• **WHAT TO WORK ON**
Word for word, give again the line holding "as \<noteq> [] \<longrightarrow>" and each line after it to the end of the listing below.
[Opening INFORMATION SHOWN section]
(* Let $(\mathcal{A},\varphi)$ be a tracial noncommutative probability space with universal enveloping traffic space $(\mathcal{G}(\mathcal{A}),\psi)$. For any graph monomial $t\in\mathcal{G}(\mathcal{A})$ there exists a partition $\pi$ of its vertex set such that the quotient $t^\pi$ is a quasi-cactus and $t^\pi\equiv t\pmod\psi$.
   Context: $(\mathcal{A},\varphi)$: unital complex algebra with unital tracial linear functional; free cumulants $\kappa_n$ determined by $\varphi(a_1\cdots a_n)=\sum_{\pi\in NC(n)}\prod_{B\in\pi}\kappa_{|B|}[(a_i)_{i\in B}]$. A graph monomial in $\mathcal{A}$ is a finite connected directed multigraph (loops, parallel edges allowed) with distinguished, not necessarily distinct, vertices $v_{\mathrm{in}},v_{\mathrm{out}}$ and edge labels in $\mathcal{A}$, up to isomorphism; $t^\pi$ identifies vertices in each block of $\pi$ (input/output become their images). $\iota(a)$: two vertices, one edge from $v_{\mathrm{in}}$ to $v_{\mathrm{out}}$ labelled $a$. Substitution $Z_g(t_1,\dots,t_K)$ for a connected bi-rooted multidigraph $g$ with ordered edges $e_1,\dots,e_K$ replaces each $e_i$ by a copy of $t_i$, identifying $\mathrm{src}(e_i)$ with the input and $\mathrm{tgt}(e_i)$ with the output of $t_i$; the product $t_1t_2$ identifies the input of $t_1$ with the output of $t_2$. $\mathcal{G}(\mathcal{A})$ is the span of graph monomials modulo the span of $Z_g(\iota(a_1),\dots,\iota(a_K))-Z_g(P(\iota(b_1),\dots,\iota(b_n)),\iota(a_2),\dots)$ (any edge position) for $a_1=P(b_1,\dots,b_n)$, $P$ a noncommutative polynomial. A test graph is a finite connected directed multigraph with labels in $\mathcal{A}$. Cactus: connected multigraph with each edge in exactly one simple cycle (loops, pairs of parallel edges count); pads = these cycles; oriented cactus: every pad directed. $\tau^0_\varphi[T]=\prod_{C\in\mathrm{Pads}(T)}\kappa_{n_C}[\gamma(e_1),\dots,\gamma(e_{n_C})]$ for oriented cacti (edges listed with $\mathrm{src}(e_i)=\mathrm{tgt}(e_{i+1})$, indices mod $n_C$), else $0$; $\tau_\varphi[T]=\sum_\pi\tau^0_\varphi[T^\pi]$ over partitions of the vertex set. $\psi(t)=\tau_\varphi[\tilde\Delta(t)]$ where $\tilde\Delta(t)$ identifies input and output and forgets roots. $s\equiv t\pmod\psi$ means $\psi((s-t)u)=0$ for all $u$. A quasi-cactus is a multigraph in which $\lambda(v,w)\in\{1,2\}$ for all distinct vertices $v,w$, where $\lambda(v,w)$ is the minimal number of edges whose deletion disconnects $v$ and $w$ (equivalently every edge belongs to at most one simple cycle). *)

theory Defs
  imports Complex_Main "HOL-Library.Disjoint_Sets"
begin

definition complex_algebra :: "(complex \<Rightarrow> 'a::ring_1 \<Rightarrow> 'a) \<Rightarrow> bool" where
  "complex_algebra sc \<longleftrightarrow>
     (\<forall>c d a. sc (c + d) a = sc c a + sc d a) \<and>
     (\<forall>c a b. sc c (a + b) = sc c a + sc c b) \<and>
     (\<forall>c d a. sc (c * d) a = sc c (sc d a)) \<and>
     (\<forall>a. sc 1 a = a) \<and>
     (\<forall>c a b. sc c (a * b) = sc c a * b) \<and>
     (\<forall>c a b. sc c (a * b) = a * sc c b)"

definition tracial_state :: "(complex \<Rightarrow> 'a::ring_1 \<Rightarrow> 'a) \<Rightarrow> ('a \<Rightarrow> complex) \<Rightarrow> bool" where
  "tracial_state sc \<phi> \<longleftrightarrow>
     (\<forall>a b. \<phi> (a + b) = \<phi> a + \<phi> b) \<and>
     (\<forall>c a. \<phi> (sc c a) = c * \<phi> a) \<and>
     \<phi> 1 = 1 \<and>
     (\<forall>a b. \<phi> (a * b) = \<phi> (b * a))"

definition noncrossing :: "nat set set \<Rightarrow> bool" where
  "noncrossing P \<longleftrightarrow> (\<forall>B1\<in>P. \<forall>B2\<in>P. B1 \<noteq> B2 \<longrightarrow>
     \<not> (\<exists>a b c d. a < b \<and> b < c \<and> c < d \<and> a \<in> B1 \<and> c \<in> B1 \<and> b \<in> B2 \<and> d \<in> B2))"

definition NC :: "nat \<Rightarrow> nat set set set" where
  "NC n = {P. partition_on {0..<n} P \<and> noncrossing P}"

definition free_cumulants :: "('a::ring_1 \<Rightarrow> complex) \<Rightarrow> ('a list \<Rightarrow> complex) \<Rightarrow> bool" where
  "free_cumulants \<phi> \<kappa> \<longleftrightarrow> (\<forall>as. as \<noteq> [] \<longrightarrow>
     \<phi> (prod_list as) =
       (\<Sum>P\<in>NC (length as). \<Prod>B\<in>P. \<kappa> (map (\<lambda>i. as ! i) (sorted_list_of_set B))))"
[Closing INFORMATION SHOWN section]
• **YOUR SOLUTION**
  "free_cumulants \<phi> \<kappa> \<longleftrightarrow> (\<forall>as. as \<noteq> [] \<longrightarrow>
     \<phi> (prod_list as) =
       (\<Sum>P\<in>NC (length as). \<Prod>B\<in>P. \<kappa> (map (\<lambda>i. as ! i) (sorted_list_of_set B))))"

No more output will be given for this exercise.